[[ Records for this exercise open ]]

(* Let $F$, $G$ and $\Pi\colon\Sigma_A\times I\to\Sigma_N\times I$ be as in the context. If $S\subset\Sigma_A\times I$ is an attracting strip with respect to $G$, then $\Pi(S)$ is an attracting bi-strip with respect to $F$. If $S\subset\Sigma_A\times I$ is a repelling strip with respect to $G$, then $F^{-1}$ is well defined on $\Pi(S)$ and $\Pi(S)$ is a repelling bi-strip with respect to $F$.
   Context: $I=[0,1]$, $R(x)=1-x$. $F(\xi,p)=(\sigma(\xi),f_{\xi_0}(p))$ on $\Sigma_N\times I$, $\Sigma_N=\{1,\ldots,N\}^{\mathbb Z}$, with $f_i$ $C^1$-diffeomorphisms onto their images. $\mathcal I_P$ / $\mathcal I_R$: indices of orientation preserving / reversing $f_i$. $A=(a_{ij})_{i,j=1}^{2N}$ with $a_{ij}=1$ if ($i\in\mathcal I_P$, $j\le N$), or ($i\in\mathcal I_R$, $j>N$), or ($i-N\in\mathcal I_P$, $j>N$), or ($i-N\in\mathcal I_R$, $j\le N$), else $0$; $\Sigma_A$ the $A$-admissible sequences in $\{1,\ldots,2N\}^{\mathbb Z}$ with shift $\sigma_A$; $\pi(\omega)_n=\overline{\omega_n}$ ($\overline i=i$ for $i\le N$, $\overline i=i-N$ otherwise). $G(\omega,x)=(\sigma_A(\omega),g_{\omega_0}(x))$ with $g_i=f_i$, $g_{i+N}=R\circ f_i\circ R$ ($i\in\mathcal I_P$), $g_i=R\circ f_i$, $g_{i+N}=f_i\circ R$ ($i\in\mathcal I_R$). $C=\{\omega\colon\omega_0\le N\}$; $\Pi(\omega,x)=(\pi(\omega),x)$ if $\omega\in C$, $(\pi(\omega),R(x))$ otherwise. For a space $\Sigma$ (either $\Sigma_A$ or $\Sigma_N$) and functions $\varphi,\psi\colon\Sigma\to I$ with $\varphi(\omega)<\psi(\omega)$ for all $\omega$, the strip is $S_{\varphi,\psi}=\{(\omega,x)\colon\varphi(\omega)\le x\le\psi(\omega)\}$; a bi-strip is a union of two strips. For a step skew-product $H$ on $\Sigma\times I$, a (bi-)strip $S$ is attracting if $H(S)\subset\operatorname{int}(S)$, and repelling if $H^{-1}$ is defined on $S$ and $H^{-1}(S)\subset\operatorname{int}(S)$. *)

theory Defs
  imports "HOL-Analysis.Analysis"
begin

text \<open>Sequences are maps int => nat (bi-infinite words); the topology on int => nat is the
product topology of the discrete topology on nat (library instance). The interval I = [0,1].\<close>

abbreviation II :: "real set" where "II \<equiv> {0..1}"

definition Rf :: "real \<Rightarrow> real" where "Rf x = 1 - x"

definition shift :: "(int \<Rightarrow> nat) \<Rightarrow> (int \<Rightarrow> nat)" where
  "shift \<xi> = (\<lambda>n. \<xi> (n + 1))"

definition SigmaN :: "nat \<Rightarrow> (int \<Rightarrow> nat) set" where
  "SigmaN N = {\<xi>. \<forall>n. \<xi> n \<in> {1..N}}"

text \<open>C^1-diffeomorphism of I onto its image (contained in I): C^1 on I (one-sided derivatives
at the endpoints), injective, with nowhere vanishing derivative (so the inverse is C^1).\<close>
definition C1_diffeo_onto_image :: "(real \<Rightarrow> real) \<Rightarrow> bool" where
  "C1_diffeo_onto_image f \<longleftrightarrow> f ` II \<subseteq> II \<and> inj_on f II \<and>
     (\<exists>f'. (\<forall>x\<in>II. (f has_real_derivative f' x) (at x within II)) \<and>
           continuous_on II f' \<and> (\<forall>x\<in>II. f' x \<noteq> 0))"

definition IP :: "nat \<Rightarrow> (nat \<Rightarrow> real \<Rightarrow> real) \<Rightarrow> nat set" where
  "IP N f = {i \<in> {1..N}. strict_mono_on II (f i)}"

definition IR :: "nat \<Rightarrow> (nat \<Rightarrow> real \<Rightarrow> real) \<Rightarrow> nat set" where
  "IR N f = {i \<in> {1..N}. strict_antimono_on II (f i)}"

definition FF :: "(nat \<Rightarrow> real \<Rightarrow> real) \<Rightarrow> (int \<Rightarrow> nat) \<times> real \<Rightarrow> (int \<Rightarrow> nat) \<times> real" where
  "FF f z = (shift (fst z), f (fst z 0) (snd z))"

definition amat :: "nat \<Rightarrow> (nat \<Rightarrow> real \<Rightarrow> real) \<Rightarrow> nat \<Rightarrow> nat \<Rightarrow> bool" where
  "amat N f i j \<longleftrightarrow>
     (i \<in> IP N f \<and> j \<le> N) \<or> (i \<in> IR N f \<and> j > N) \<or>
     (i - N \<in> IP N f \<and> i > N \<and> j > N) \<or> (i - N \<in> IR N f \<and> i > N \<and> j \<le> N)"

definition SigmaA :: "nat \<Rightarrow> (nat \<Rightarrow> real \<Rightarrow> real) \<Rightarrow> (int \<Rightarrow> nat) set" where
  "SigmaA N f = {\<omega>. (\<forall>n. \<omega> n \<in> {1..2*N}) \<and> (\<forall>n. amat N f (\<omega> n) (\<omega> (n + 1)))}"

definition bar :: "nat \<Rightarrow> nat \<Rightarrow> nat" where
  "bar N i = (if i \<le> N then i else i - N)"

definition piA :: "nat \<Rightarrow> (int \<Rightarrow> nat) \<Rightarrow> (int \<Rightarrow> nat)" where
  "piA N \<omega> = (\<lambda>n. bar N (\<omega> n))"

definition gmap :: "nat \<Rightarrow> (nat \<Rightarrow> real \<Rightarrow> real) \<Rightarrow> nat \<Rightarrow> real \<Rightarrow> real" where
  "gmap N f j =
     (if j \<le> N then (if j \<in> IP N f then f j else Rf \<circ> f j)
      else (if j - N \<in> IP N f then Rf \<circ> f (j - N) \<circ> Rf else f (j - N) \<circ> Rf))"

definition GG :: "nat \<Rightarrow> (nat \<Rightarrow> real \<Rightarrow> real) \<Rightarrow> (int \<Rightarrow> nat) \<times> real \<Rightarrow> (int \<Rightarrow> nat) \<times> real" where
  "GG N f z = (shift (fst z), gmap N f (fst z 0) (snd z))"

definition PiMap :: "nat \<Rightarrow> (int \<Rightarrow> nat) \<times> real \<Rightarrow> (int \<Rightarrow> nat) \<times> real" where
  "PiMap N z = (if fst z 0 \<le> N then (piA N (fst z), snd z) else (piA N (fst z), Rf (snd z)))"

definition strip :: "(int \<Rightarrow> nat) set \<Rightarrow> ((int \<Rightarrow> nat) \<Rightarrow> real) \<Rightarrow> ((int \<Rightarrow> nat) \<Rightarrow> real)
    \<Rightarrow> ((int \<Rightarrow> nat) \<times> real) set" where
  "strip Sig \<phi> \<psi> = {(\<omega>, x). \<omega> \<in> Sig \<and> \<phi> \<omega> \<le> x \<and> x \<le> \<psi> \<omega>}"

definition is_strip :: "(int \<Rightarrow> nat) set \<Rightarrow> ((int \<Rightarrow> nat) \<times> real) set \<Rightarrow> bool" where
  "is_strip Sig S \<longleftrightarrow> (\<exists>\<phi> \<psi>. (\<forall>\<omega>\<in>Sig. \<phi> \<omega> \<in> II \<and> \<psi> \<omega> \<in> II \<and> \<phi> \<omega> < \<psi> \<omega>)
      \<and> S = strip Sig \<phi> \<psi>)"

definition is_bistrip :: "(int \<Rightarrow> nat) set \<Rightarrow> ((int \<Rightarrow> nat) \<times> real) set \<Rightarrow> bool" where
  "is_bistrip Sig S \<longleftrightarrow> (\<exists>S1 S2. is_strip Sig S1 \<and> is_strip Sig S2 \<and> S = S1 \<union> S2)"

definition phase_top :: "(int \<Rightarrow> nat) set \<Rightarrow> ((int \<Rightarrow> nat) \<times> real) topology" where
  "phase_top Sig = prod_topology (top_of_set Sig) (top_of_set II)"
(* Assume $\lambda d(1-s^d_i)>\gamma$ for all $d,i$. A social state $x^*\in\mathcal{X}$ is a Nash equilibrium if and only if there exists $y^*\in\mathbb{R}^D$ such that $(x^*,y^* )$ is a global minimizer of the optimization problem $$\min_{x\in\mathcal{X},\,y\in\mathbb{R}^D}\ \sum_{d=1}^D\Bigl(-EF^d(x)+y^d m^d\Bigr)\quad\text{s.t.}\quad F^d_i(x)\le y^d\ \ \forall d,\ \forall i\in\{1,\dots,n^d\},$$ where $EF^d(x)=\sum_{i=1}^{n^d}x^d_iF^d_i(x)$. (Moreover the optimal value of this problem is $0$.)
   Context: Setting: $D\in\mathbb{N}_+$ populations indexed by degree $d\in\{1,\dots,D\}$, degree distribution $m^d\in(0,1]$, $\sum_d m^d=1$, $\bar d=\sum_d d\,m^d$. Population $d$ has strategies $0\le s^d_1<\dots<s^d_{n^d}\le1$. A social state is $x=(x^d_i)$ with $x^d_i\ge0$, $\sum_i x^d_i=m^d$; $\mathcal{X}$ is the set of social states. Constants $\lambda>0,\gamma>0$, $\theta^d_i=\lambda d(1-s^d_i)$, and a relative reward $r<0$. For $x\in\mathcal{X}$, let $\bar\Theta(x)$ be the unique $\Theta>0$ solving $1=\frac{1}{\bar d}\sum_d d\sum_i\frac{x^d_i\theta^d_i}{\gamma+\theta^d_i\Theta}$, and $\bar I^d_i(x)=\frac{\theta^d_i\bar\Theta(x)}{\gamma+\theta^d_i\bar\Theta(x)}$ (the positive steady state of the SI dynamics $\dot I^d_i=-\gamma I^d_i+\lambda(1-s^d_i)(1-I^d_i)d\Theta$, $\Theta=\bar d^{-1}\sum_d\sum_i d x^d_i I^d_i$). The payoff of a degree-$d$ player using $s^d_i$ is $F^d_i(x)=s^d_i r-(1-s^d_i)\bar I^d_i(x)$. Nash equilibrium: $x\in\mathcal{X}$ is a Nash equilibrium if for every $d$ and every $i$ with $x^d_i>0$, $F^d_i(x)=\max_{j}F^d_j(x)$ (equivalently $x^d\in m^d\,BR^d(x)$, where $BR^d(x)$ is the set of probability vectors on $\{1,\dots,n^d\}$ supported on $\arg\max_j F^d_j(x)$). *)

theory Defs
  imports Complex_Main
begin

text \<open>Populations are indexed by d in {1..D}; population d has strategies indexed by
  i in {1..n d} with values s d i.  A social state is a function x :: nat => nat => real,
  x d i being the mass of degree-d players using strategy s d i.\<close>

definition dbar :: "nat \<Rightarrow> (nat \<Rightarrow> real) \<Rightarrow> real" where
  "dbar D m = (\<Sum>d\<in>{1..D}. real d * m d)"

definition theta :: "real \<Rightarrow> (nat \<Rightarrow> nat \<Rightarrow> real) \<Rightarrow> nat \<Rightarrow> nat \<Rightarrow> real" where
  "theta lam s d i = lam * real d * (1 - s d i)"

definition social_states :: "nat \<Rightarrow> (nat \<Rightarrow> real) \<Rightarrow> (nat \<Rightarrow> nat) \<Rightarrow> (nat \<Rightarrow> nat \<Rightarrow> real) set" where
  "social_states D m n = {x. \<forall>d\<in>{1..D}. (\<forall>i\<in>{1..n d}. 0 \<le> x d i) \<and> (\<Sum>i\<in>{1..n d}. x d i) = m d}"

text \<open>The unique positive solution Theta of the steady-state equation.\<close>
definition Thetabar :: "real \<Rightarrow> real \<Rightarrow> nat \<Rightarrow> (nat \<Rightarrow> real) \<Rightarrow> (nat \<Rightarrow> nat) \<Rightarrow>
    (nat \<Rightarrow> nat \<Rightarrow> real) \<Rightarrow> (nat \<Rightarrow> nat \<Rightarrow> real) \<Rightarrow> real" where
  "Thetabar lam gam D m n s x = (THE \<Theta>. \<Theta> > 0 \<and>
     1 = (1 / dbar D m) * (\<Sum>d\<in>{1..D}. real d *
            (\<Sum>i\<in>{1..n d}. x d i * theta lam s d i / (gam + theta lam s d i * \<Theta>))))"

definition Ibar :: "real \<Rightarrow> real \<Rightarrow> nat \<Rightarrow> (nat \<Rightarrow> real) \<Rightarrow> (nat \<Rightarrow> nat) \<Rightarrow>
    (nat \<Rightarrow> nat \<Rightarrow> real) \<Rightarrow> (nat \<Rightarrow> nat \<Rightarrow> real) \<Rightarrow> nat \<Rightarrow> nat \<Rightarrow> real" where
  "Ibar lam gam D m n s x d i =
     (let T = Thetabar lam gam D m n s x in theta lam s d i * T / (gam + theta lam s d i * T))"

[[ Records for this exercise closed ]]
[[ Records for this exercise open ]]

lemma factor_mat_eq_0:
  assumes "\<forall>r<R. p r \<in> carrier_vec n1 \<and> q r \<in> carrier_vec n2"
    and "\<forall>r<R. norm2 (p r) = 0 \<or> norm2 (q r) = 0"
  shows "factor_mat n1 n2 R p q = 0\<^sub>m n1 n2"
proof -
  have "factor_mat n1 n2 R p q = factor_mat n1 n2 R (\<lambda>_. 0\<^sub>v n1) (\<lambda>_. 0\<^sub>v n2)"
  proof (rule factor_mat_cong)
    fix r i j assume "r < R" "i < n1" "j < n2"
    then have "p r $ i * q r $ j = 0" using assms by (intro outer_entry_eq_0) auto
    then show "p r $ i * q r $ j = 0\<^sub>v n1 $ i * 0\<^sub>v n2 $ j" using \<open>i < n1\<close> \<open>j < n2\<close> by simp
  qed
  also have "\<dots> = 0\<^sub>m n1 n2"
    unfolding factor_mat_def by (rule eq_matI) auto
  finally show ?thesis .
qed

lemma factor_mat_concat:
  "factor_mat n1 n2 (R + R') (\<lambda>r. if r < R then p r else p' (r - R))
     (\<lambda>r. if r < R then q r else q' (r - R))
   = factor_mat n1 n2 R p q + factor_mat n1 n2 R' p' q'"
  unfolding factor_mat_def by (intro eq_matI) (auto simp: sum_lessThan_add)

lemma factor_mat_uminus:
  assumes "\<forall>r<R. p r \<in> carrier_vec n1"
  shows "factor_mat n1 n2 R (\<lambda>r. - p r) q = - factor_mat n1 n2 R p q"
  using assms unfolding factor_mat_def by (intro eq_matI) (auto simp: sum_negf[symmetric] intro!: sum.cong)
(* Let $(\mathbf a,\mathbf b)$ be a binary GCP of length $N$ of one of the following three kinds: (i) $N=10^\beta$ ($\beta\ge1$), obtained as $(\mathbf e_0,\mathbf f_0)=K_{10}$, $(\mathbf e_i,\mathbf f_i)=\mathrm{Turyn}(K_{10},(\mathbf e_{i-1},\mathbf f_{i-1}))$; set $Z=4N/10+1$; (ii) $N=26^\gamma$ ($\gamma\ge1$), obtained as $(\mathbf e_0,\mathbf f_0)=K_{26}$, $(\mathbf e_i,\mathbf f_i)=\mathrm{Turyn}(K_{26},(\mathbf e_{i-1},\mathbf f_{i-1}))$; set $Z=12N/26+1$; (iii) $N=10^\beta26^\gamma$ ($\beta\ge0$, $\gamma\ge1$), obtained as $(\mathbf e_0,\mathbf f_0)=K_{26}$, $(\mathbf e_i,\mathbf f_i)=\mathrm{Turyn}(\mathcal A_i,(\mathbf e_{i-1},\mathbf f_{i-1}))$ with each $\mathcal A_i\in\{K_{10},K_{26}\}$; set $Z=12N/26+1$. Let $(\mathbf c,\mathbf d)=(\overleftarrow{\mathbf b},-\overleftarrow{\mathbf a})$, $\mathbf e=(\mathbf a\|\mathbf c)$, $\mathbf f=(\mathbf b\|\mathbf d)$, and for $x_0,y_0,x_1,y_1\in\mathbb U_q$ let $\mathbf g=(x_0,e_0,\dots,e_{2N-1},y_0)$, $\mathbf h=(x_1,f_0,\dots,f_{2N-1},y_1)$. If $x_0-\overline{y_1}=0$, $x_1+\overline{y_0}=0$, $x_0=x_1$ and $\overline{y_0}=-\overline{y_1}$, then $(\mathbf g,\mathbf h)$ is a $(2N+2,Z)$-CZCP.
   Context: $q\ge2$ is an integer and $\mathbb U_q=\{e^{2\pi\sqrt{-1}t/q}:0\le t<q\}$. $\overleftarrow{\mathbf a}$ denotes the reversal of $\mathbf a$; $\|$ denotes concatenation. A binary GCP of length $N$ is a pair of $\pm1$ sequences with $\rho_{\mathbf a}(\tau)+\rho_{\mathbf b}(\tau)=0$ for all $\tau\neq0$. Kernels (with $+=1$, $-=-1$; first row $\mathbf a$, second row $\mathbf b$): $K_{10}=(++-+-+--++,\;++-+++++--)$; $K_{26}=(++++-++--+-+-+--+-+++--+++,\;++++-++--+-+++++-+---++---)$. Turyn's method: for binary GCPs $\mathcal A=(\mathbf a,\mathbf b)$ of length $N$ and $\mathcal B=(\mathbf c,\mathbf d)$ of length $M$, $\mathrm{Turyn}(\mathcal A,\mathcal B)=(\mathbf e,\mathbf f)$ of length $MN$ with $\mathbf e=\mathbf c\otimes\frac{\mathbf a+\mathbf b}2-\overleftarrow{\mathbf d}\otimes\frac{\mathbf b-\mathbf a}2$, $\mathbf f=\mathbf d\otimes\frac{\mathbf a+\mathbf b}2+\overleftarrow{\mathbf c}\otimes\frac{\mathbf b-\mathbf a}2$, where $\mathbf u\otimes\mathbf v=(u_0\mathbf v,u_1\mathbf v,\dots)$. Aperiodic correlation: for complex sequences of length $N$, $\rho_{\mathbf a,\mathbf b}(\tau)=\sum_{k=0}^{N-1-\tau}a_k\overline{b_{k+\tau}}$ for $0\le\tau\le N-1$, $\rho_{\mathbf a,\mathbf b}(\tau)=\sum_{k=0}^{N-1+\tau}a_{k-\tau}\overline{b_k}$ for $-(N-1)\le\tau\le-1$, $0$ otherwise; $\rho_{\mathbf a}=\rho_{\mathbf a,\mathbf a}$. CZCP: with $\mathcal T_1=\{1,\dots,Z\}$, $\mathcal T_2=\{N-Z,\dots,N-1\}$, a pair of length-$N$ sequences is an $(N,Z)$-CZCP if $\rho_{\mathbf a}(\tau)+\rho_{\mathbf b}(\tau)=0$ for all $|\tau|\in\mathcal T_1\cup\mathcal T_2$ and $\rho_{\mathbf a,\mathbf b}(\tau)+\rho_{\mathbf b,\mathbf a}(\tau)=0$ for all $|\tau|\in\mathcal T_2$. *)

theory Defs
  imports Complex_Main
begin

[[ Records for this exercise closed ]]
[[ Records for this exercise open ]]

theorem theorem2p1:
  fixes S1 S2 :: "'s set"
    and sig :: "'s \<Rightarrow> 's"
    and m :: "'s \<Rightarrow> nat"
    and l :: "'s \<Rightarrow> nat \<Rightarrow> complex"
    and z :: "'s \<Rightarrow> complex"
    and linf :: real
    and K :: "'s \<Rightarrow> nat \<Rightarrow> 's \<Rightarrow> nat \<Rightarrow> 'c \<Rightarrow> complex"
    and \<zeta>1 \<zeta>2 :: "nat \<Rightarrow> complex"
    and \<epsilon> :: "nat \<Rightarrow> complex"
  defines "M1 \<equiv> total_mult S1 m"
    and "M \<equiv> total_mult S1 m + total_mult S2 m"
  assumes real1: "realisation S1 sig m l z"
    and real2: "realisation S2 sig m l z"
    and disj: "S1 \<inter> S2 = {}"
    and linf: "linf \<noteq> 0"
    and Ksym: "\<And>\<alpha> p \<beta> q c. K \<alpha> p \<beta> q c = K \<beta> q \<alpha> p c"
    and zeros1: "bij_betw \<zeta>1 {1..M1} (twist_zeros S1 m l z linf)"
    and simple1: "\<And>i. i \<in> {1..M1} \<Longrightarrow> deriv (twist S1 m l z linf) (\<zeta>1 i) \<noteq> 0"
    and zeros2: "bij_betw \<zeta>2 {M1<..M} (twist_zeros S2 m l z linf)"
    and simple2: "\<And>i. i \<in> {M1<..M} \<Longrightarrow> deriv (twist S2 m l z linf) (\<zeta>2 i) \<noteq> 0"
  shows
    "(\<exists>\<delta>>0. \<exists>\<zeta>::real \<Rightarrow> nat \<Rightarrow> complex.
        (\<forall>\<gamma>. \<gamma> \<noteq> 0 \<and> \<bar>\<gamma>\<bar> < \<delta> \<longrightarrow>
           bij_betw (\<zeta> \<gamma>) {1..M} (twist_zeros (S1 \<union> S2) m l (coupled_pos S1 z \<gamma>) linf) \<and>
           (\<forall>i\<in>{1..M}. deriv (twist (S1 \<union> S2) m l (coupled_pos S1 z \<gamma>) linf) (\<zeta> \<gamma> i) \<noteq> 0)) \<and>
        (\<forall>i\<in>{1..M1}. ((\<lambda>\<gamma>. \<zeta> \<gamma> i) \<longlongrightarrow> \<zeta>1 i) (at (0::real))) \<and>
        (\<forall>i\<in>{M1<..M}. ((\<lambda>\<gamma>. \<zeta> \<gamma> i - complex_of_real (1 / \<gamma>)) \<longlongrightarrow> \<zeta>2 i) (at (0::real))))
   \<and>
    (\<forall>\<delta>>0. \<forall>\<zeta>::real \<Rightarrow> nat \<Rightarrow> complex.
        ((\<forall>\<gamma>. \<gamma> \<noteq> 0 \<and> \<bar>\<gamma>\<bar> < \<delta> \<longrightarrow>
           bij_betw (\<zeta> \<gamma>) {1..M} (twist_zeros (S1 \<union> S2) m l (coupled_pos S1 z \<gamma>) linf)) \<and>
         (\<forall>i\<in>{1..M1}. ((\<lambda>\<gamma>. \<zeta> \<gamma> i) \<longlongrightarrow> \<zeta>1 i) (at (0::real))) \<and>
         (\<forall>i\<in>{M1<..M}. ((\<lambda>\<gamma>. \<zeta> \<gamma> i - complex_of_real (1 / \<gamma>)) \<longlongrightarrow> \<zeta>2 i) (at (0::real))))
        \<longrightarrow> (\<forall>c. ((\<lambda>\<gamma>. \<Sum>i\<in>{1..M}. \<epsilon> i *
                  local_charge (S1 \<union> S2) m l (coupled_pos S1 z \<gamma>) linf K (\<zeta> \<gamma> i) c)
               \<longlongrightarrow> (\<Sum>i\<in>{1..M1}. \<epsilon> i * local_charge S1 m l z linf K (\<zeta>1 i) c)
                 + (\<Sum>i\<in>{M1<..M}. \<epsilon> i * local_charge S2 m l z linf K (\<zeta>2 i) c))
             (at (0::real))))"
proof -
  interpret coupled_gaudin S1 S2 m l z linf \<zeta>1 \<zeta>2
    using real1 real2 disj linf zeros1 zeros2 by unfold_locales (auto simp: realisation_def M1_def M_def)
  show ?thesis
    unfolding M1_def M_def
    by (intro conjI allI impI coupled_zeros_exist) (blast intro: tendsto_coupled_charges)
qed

[[ Records for this exercise closed ]]

**What is required:**
Write out exactly the lines that fall from the line with "(i - N \<in> IP" to the line with "(\<lambda>n. bar N" in the records above, keeping both ends.

**Task result:**
     (i - N \<in> IP N f \<and> i > N \<and> j > N) \<or> (i - N \<in> IR N f \<and> i > N \<and> j \<le> N)"

definition SigmaA :: "nat \<Rightarrow> (nat \<Rightarrow> real \<Rightarrow> real) \<Rightarrow> (int \<Rightarrow> nat) set" where
  "SigmaA N f = {\<omega>. (\<forall>n. \<omega> n \<in> {1..2*N}) \<and> (\<forall>n. amat N f (\<omega> n) (\<omega> (n + 1)))}"

definition bar :: "nat \<Rightarrow> nat \<Rightarrow> nat" where
  "bar N i = (if i \<le> N then i else i - N)"

definition piA :: "nat \<Rightarrow> (int \<Rightarrow> nat) \<Rightarrow> (int \<Rightarrow> nat)" where
  "piA N \<omega> = (\<lambda>n. bar N (\<omega> n))"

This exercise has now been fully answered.